"Who's Making Love" is a song written by Stax Records staffers Homer Banks, Bettye Crutcher, Don Davis and Raymond Jackson and recorded by singer Johnnie Taylor in 1968.

Released on the Stax label in the late summer of 1968, it became Taylor's breakthrough single, reaching number one on the US Billboard R&B chart and number five on the Billboard Hot 100. It became one of the few singles Taylor would become primarily known for in the mainstream. The song featured the Stax house band, Booker T. & the M.G.'s, and  Isaac Hayes (on keyboards). It was Taylor's best-selling single before the release of "Disco Lady" almost a decade later.
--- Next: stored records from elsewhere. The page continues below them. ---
lemma Qfun_has_real_derivative:
  assumes "L \<noteq> 0" and "(\<phi> has_real_derivative d\<phi>) (at ((x - cA * t) / L))"
  shows "((\<lambda>x. Qfun r1 c cA \<gamma> L \<phi> t x) has_real_derivative
      \<gamma> * exp (- lam r1 c * (cA - c) * t) * exp (- cA * (x - cA * t) / 2) *
      (d\<phi> / L - cA / 2 * \<phi> ((x - cA * t) / L))) (at x)"
proof -
  have "((\<lambda>x. (x - cA * t) / L) has_real_derivative 1 / L) (at x)"
    using assms(1) by (auto intro!: derivative_eq_intros)
  from DERIV_chain2[OF assms(2) this]
  have "((\<lambda>x. \<phi> ((x - cA * t) / L)) has_real_derivative d\<phi> / L) (at x)"
    by simp
  then show ?thesis
    unfolding Qfun_def using assms(1)
    by (auto intro!: derivative_eq_intros simp: field_simps)
qed

lemma lam_pos:
  assumes "0 < r1" "2 * sqrt r1 < c"
  shows "0 < lam r1 c"
proof -
  have "0 < c"
    using assms real_sqrt_ge_zero[of r1] by linarith
  then have "sqrt (c\<^sup>2 - 4 * r1) < sqrt (c\<^sup>2)"
    using assms(1) by (intro real_sqrt_less_mono) simp
  with \<open>0 < c\<close> show ?thesis
    by (simp add: lam_def)
qed

lemma principal_eigenfunction_left_branch:
  assumes "principal_eigenfunction r1 r2 r3 L R lam1 \<phi>" "L \<noteq> 0" "0 < R"
  obtains d\<phi> where "\<And>y. y \<in> {-R<..<0} \<Longrightarrow> 0 < \<phi> y"
    and "\<And>y. y \<in> {-R<..<0} \<Longrightarrow> (\<phi> has_real_derivative d\<phi> y) (at y)"
    and "continuous_on {-R<..<0} d\<phi>"
    and "(\<phi> \<longlongrightarrow> 0) (at_right (-R))"
    and "filterlim (\<lambda>y. d\<phi> y / \<phi> y) at_top (at_right (-R))"
proof -
  note eigen = assms(1)[unfolded principal_eigenfunction_def]
  have pos: "\<And>y. y \<in> {-R<..<R} \<Longrightarrow> 0 < \<phi> y"
    and cont: "continuous_on {-R..R} \<phi>" and "\<phi> (-R) = 0"
    using eigen by auto
  obtain d\<phi> dd\<phi> where deriv: "\<And>y. y \<in> {-R<..<R} \<Longrightarrow> (\<phi> has_real_derivative d\<phi> y) (at y)"
    and d\<phi>_cont: "continuous_on {-R<..<R} d\<phi>"
    and ode: "\<And>y. y \<in> {-R<..<R} - {0, 1} \<Longrightarrow> (d\<phi> has_real_derivative dd\<phi> y) (at y) \<and>
      - dd\<phi> y / L\<^sup>2 - mfun r1 r2 r3 y * \<phi> y = lam1 * \<phi> y"
    using eigen by blast
  have left: "{-R<..<0} \<subseteq> {-R<..<R} - {0, 1}"
    by auto
  have lim: "(\<phi> \<longlongrightarrow> 0) (at_right (-R))"
    using continuous_on_Icc_at_rightD[OF cont] \<open>\<phi> (-R) = 0\<close> assms(3) by simp
  have ode_left: "dd\<phi> y = - (L\<^sup>2 * (lam1 + r1)) * \<phi> y" if "y \<in> {-R<..<0}" for y
    using ode[of y] that assms(2) by (auto simp: mfun_def field_simps)
  have "filterlim (\<lambda>y. d\<phi> y / \<phi> y) at_top (at_right (-R))"
  proof (rule logderiv_tendsto_at_top_at_right[where dd\<phi> = dd\<phi> and C = "- (L\<^sup>2 * (lam1 + r1))"])
    fix y assume y: "y \<in> {-R<..<0}"
    with left have "y \<in> {-R<..<R} - {0, 1}"
      by blast
    then show "0 < \<phi> y" "(\<phi> has_real_derivative d\<phi> y) (at y)" "(d\<phi> has_real_derivative dd\<phi> y) (at y)"
      using pos deriv ode by auto
    show "dd\<phi> y \<le> - (L\<^sup>2 * (lam1 + r1)) * \<phi> y"
      using ode_left[OF y] by simp
  qed (use lim assms(3) in auto)
  moreover have "continuous_on {-R<..<0} d\<phi>"
    using d\<phi>_cont by (rule continuous_on_subset) auto
  ultimately show ?thesis
    using that[of d\<phi>] pos deriv lim assms(3) by auto
qed

text \<open>Only the branch of \<open>\<phi>\<close> on \<open>(-R, 0)\<close> matters, and the eigenvalue equation enters only
  through the blow-up of the log-derivative at \<open>-R\<close>.\<close>

locale front_crossing =
  fixes r1 c cA \<eta> S \<gamma> L R :: real and \<phi> d\<phi> :: "real \<Rightarrow> real"
  assumes lam_pos: "0 < lam r1 c" and c_pos: "0 < c" and speeds: "c < cA"
    and \<eta>_pos: "0 < \<eta>" and S_pos: "0 < S" and \<gamma>_pos: "0 < \<gamma>"
    and L_pos: "0 < L" and R_pos: "0 < R"
    and \<phi>_pos: "\<And>y. y \<in> {-R<..<0} \<Longrightarrow> 0 < \<phi> y"
    and \<phi>_deriv: "\<And>y. y \<in> {-R<..<0} \<Longrightarrow> (\<phi> has_real_derivative d\<phi> y) (at y)"
    and d\<phi>_cont: "continuous_on {-R<..<0} d\<phi>"
    and \<phi>_tendsto_0: "(\<phi> \<longlongrightarrow> 0) (at_right (-R))"
    and logderiv_at_top: "filterlim (\<lambda>y. d\<phi> y / \<phi> y) at_top (at_right (-R))"
begin

abbreviation lm :: real where "lm \<equiv> lam r1 c"

definition tilted :: "real \<Rightarrow> real" where
  "tilted y = \<gamma> * exp ((lm - cA / 2) * L * y) * \<phi> y"

definition tilted_deriv :: "real \<Rightarrow> real" where
  "tilted_deriv y = \<gamma> * exp ((lm - cA / 2) * L * y) * ((lm - cA / 2) * L * \<phi> y + d\<phi> y)"

lemma Qfun_moving_frame:
  "Qfun r1 c cA \<gamma> L \<phi> t (cA * t + L * y) = exp (- lm * ((cA - c) * t + L * y)) * tilted y"
proof -
  have "exp (- lm * (cA - c) * t) * exp (- cA * (L * y) / 2) =
      exp (- lm * ((cA - c) * t + L * y)) * exp ((lm - cA / 2) * L * y)"
    by (simp add: exp_add[symmetric] algebra_simps)
  then show ?thesis
    using L_pos by (simp add: Qfun_def tilted_def)
qed

lemma tilted_pos: "y \<in> {-R<..<0} \<Longrightarrow> 0 < tilted y"
  using \<gamma>_pos \<phi>_pos by (simp add: tilted_def)

lemma tilted_has_real_derivative:
  "y \<in> {-R<..<0} \<Longrightarrow> (tilted has_real_derivative tilted_deriv y) (at y)"
  unfolding tilted_def[abs_def] tilted_deriv_def
  by (auto intro!: derivative_eq_intros \<phi>_deriv simp: algebra_simps)

lemma tilted_deriv_gt:
  assumes "y \<in> {-R<..<0}" "cA * L / 2 * \<phi> y < d\<phi> y"
  shows "lm * L * tilted y < tilted_deriv y"
proof -
  have "lm * L * \<phi> y < (lm - cA / 2) * L * \<phi> y + d\<phi> y"
    using assms(2) by (simp add: algebra_simps)
  then show ?thesis
    using \<gamma>_pos by (simp add: tilted_def tilted_deriv_def mult.assoc mult.left_commute[of lm])
qed

lemma tilted_tendsto_0: "(tilted \<longlongrightarrow> 0) (at_right (-R))"
  unfolding tilted_def[abs_def]
  by (rule tendsto_eq_intros \<phi>_tendsto_0 | simp)+

lemma eventually_in_domain: "\<forall>\<^sub>F y in at_right (-R). y \<in> {-R<..<0}"
  using R_pos by (intro eventually_at_right_real) simp

lemma eventually_steep: "\<forall>\<^sub>F y in at_right (-R). cA * L / 2 * \<phi> y < d\<phi> y"
proof -
  have "\<forall>\<^sub>F y in at_right (-R). cA * L / 2 < d\<phi> y / \<phi> y"
    using logderiv_at_top unfolding filterlim_at_top_dense by blast
  with eventually_in_domain show ?thesis
    by eventually_elim (use \<phi>_pos in \<open>auto simp: less_divide_eq\<close>)
qed

lemma tilted_mono:
  assumes "y \<le> z"
    and steep: "\<And>w. w \<in> {y..z} \<Longrightarrow> w \<in> {-R<..<0} \<and> cA * L / 2 * \<phi> w < d\<phi> w"
  shows "tilted y \<le> tilted z"
proof (rule DERIV_nonneg_imp_nondecreasing[OF \<open>y \<le> z\<close>])
  fix w assume "y \<le> w" "w \<le> z"
  then have w: "w \<in> {-R<..<0}" "cA * L / 2 * \<phi> w < d\<phi> w"
    using steep by auto
  have "0 < lm * L * tilted w"
    using lam_pos L_pos tilted_pos[OF w(1)] by simp
  then show "\<exists>D. (tilted has_real_derivative D) (at w) \<and> 0 \<le> D"
    using tilted_has_real_derivative[OF w(1)] tilted_deriv_gt[OF w] by force
qed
According to Bettye Crutcher, the lyrics were inspired by the 1920s novelty song, "Who Takes Care of the Caretaker's Daughter (While the Caretaker's Busy Taking Care)".

Chart history

Cover versions
Tony Joe White covered the song on his 1968 album Black and White.
Young-Holt Unlimited released a cover on the album Soulful Strut in 1968 and as a single in 1969 (#47 Canada), both on Brunswick Records.
The Blues Brothers released a cover version as a single in 1980, which reached number 39 on the US chart.
Christian McBride included the song in his 2013 album Out Here.

References

1968 singles
Johnnie Taylor songs
Tony Joe White songs
Songs written by Homer Banks
1980 singles
The Blues Brothers songs
Songs written by Raymond Jackson (songwriter)
Songs written by Don Davis (record producer)
1968 songs
Stax Records singles
Songs about infidelity
Song recordings produced by Don Davis (record producer)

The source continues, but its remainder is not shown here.